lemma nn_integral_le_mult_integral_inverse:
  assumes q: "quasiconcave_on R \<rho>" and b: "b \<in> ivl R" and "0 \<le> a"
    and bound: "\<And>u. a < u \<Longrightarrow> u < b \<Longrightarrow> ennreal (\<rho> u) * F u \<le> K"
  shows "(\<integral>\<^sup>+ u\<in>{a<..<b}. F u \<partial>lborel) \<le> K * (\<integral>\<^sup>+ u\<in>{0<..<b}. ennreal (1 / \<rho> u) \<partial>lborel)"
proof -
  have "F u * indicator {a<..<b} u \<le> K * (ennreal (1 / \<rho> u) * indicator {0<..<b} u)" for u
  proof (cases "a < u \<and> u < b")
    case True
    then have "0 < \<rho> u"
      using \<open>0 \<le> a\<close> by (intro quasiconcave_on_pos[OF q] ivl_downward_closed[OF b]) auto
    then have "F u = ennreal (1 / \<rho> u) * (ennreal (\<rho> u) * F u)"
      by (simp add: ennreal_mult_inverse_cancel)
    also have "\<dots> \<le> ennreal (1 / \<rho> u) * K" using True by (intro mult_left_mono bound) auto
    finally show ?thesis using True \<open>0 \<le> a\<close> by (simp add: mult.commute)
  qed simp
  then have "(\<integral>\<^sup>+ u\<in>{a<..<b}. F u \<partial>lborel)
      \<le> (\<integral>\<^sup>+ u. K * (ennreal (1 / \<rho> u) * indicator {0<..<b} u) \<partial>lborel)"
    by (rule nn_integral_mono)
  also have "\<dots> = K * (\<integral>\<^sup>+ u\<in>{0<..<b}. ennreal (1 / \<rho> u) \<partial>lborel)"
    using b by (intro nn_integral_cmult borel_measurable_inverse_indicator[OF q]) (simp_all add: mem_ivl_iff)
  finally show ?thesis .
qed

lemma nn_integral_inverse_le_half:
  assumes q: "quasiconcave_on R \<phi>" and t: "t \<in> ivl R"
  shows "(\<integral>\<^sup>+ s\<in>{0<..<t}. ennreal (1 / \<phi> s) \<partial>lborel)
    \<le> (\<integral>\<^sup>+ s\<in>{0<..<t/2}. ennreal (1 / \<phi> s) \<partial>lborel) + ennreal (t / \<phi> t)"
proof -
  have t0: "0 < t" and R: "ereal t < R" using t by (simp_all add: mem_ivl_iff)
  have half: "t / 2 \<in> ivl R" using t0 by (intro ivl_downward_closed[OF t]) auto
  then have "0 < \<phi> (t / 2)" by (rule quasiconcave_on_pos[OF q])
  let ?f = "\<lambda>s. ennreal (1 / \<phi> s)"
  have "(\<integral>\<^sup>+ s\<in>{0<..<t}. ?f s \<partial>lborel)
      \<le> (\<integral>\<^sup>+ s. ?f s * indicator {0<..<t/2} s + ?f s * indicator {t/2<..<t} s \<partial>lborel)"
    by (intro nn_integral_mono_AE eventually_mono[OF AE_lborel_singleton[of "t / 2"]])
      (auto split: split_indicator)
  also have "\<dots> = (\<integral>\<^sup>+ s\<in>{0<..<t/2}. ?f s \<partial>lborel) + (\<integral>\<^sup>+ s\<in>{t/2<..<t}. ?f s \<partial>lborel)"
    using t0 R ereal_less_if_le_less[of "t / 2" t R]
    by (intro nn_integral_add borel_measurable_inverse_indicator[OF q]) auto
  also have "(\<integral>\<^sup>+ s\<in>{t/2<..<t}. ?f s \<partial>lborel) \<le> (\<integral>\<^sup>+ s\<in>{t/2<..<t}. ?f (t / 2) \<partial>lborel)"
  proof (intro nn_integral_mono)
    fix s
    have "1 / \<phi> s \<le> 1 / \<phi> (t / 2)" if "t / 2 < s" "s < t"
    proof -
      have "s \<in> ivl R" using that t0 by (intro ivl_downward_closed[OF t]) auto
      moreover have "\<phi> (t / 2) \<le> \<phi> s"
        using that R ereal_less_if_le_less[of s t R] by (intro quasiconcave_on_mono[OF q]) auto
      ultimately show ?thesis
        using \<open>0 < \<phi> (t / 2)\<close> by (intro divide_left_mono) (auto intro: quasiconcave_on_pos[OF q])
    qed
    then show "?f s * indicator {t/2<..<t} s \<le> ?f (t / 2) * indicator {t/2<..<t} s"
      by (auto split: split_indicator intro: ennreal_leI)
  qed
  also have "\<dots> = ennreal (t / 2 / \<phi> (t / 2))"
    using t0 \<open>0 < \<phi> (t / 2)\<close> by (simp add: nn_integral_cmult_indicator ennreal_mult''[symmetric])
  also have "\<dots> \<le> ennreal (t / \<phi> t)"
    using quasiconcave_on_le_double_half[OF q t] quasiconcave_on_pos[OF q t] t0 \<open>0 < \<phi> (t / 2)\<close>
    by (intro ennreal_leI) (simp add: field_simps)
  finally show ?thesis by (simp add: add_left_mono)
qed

- Aim of the exercise:
Wherever the word "True" turns up in a line of the entries above, copy that line.

- Final answer:
    case True
    also have "\<dots> \<le> ennreal (1 / \<rho> u) * K" using True by (intro mult_left_mono bound) auto
    finally show ?thesis using True \<open>0 \<le> a\<close> by (simp add: mult.commute)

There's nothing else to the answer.